Alex Wild breaks down the 2025 Unbound 200 in brutal detail—from the radical carb-loading strategies that broke the 9-hour barrier to the tactical early breakaway that decided the race before the final feed zones. He's honest about his own mistakes, the punctures that derailed a potential podium, and what really happens in those chaotic chase groups when no one's willing to work together.
Key Takeaways
- Elite gravel racers are now consuming 170-195g carbs per hour (vs. survival mentality in previous years), with winner Cam Phillips at 194g/hour for an 8:37 finish—this isn't optional, it's physiologically necessary at those power outputs (295W average)
- Technical terrain and feed zone chaos create the real selection in modern Unbound—early breakaways work because they avoid the negative racing dynamics of big chase groups, where unmotivated riders kill momentum and splits happen at terrain bottlenecks rather than pure power
- Tire choice matters significantly: 50mm Tracer treads were too thin for rocky sections; 45mm Pathfinders or 22mm Air Tracks would've been better—but setup decisions are race-specific and even small margins (tire pressure, wheel swaps under 5 seconds) compound over 200km
- Team dynamics are still nascent in gravel; even sponsored groups ride as privateers without coordinated chase tactics, meaning individual strength and technical ability dominate over organized team strategies seen in WorldTour racing
- The Lifetime Grand Prix is rapidly reshaping gravel's competitive hierarchy—European road/mountain bike pros are now treating Unbound as a priority event, raising the overall level and creating unpredictability that favors aggressive early positioning over late-race heroics
Expert Quotes
"If you no longer go for a gap that exists, you're no longer a racer. So yeah, it's kind of just an outcome of we are racing and we are racing for a lot of prestige and a lot of money."

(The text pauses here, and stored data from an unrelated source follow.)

lemma (in prob_space) cond_distributed_constD:
  assumes cd: "cond_distributed M T MT Z (\<lambda>_. K)" and K: "sets K = sets borel"
  shows "indep_rv M MT T borel Z" "distr M lborel Z = K"
proof -
  have T: "T \<in> measurable M MT" and Z: "Z \<in> borel_measurable M"
    using cd by (auto simp: cond_distributed_def)
  have joint: "emeasure M {\<omega>\<in>space M. T \<omega> \<in> A \<and> Z \<omega> \<in> B}
      = emeasure K B * emeasure M (T -` A \<inter> space M)"
    if A: "A \<in> sets MT" and B: "B \<in> sets borel" for A B
  proof -
    have "emeasure M {\<omega>\<in>space M. T \<omega> \<in> A \<and> Z \<omega> \<in> B}
        = (\<integral>\<^sup>+\<omega>. emeasure K B * indicator (T -` A \<inter> space M) \<omega> \<partial>M)"
      using cd A B unfolding cond_distributed_def
      by (auto intro!: nn_integral_cong simp: indicator_def)
    also have "\<dots> = emeasure K B * emeasure M (T -` A \<inter> space M)"
      using measurable_sets[OF T A] by (rule nn_integral_cmult_indicator)
    finally show ?thesis .
  qed
  have marginal: "emeasure M (Z -` B \<inter> space M) = emeasure K B" if B: "B \<in> sets borel" for B
  proof -
    have "Z -` B \<inter> space M = {\<omega>\<in>space M. T \<omega> \<in> space MT \<and> Z \<omega> \<in> B}"
      using measurable_space[OF T] by auto
    moreover have "T -` space MT \<inter> space M = space M" using measurable_space[OF T] by auto
    ultimately show ?thesis using joint[OF sets.top B] by (simp add: emeasure_space_1)
  qed
  show distr: "distr M lborel Z = K"
  proof (rule measure_eqI)
    fix B assume "B \<in> sets (distr M lborel Z)"
    then show "emeasure (distr M lborel Z) B = emeasure K B"
      using Z by (simp add: emeasure_distr marginal)
  qed (simp add: K)
  show "indep_rv M MT T borel Z"
    unfolding indep_rv_def
  proof (intro conjI indep_setI)
    show "T \<in> measurable M MT" "Z \<in> borel_measurable M" by (fact T, fact Z)
    show "{T -` A \<inter> space M |A. A \<in> sets MT} \<subseteq> events"
      "{Z -` B \<inter> space M |B. B \<in> sets borel} \<subseteq> events"
      using measurable_sets[OF T] measurable_sets[OF Z] by auto
    fix a b assume "a \<in> {T -` A \<inter> space M |A. A \<in> sets MT}" "b \<in> {Z -` B \<inter> space M |B. B \<in> sets borel}"
    then obtain A B where A: "A \<in> sets MT" and a: "a = T -` A \<inter> space M"
      and B: "B \<in> sets borel" and b: "b = Z -` B \<inter> space M" by auto
    have "a \<inter> b = {\<omega>\<in>space M. T \<omega> \<in> A \<and> Z \<omega> \<in> B}" using a b by auto
    then have "emeasure M (a \<inter> b) = emeasure M a * emeasure M b"
      using joint[OF A B] marginal[OF B] a b by (simp add: mult.commute)
    then show "prob (a \<inter> b) = prob a * prob b"
      by (simp add: emeasure_eq_measure ennreal_mult'[symmetric])
  qed
qed

lemma (in prob_space) distr_sum_indep_normal:
  assumes I: "finite I" and indep: "indep_vars (\<lambda>_. borel) X I"
    and sigma: "\<And>i. i \<in> I \<Longrightarrow> 0 < \<sigma> i"
    and normal: "\<And>i. i \<in> I \<Longrightarrow> distributed M lborel (X i) (normal_density (\<mu> i) (\<sigma> i))"
  shows "distr M lborel (\<lambda>\<omega>. \<Sum>i\<in>I. a i * X i \<omega>)
       = gaussian (\<Sum>i\<in>I. a i * \<mu> i) (\<Sum>i\<in>I. (a i * \<sigma> i)\<^sup>2)"
proof -
  \<comment> \<open>The library's normal densities need a positive deviation, so null coefficients are dropped.\<close>
  define J where "J = {i\<in>I. a i \<noteq> 0}"
  have J: "finite J" "J \<subseteq> I" using I by (auto simp: J_def)
  have sum_J: "(\<Sum>i\<in>I. a i * h i) = (\<Sum>i\<in>J. a i * h i)" for h :: "_ \<Rightarrow> real"
    using I by (intro sum.mono_neutral_right) (auto simp: J_def)
  have sum_J2: "(\<Sum>i\<in>I. (a i * \<sigma> i)\<^sup>2) = (\<Sum>i\<in>J. (a i * \<sigma> i)\<^sup>2)"
    using I by (intro sum.mono_neutral_right) (auto simp: J_def)
  show ?thesis
  proof (cases "J = {}")
    case True
    then show ?thesis
      by (simp add: sum_J sum_J2 gaussian_def return_cong[of lborel borel])
  next
    case False
    have "indep_vars (\<lambda>_. borel) (\<lambda>i \<omega>. a i * X i \<omega>) J"
      using indep_vars_subset[OF indep \<open>J \<subseteq> I\<close>]
      by (rule indep_vars_compose2[where Y="\<lambda>i x. a i * x" and N="\<lambda>_. borel"]) measurable
    moreover have "distributed M lborel (\<lambda>\<omega>. a i * X i \<omega>) (normal_density (a i * \<mu> i) (\<bar>a i\<bar> * \<sigma> i))"
      if "i \<in> J" for i
      using normal_density_affine[OF normal sigma, of i "a i" 0] that by (auto simp: J_def)
    ultimately have "distributed M lborel (\<lambda>\<omega>. \<Sum>i\<in>J. a i * X i \<omega>)
        (normal_density (\<Sum>i\<in>J. a i * \<mu> i) (sqrt (\<Sum>i\<in>J. (\<bar>a i\<bar> * \<sigma> i)\<^sup>2)))"
      using J False sigma by (intro sum_indep_normal) (auto simp: J_def)
    moreover have "0 < (\<Sum>i\<in>J. (a i * \<sigma> i)\<^sup>2)"
      using J False by (intro sum_pos) (auto simp: J_def dest: sigma)
    ultimately show ?thesis
      unfolding sum_J sum_J2
      by (simp add: gaussian_def power_mult_distrib distributed_distr_eq_density)
  qed
qed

"In my mind, Unbound was always going to be the hardest one or the most unknown for me in terms of points, but I still wanted to scrape as many points as I could. You never know what's going to happen at the other races."
"It's never been done before. The most organized chase seems to be a group of mates rather than anything that's brand loyal because I know Matt Beers, Keegan, and Russell train together. It's kind of a little bit of an Arizona click going on."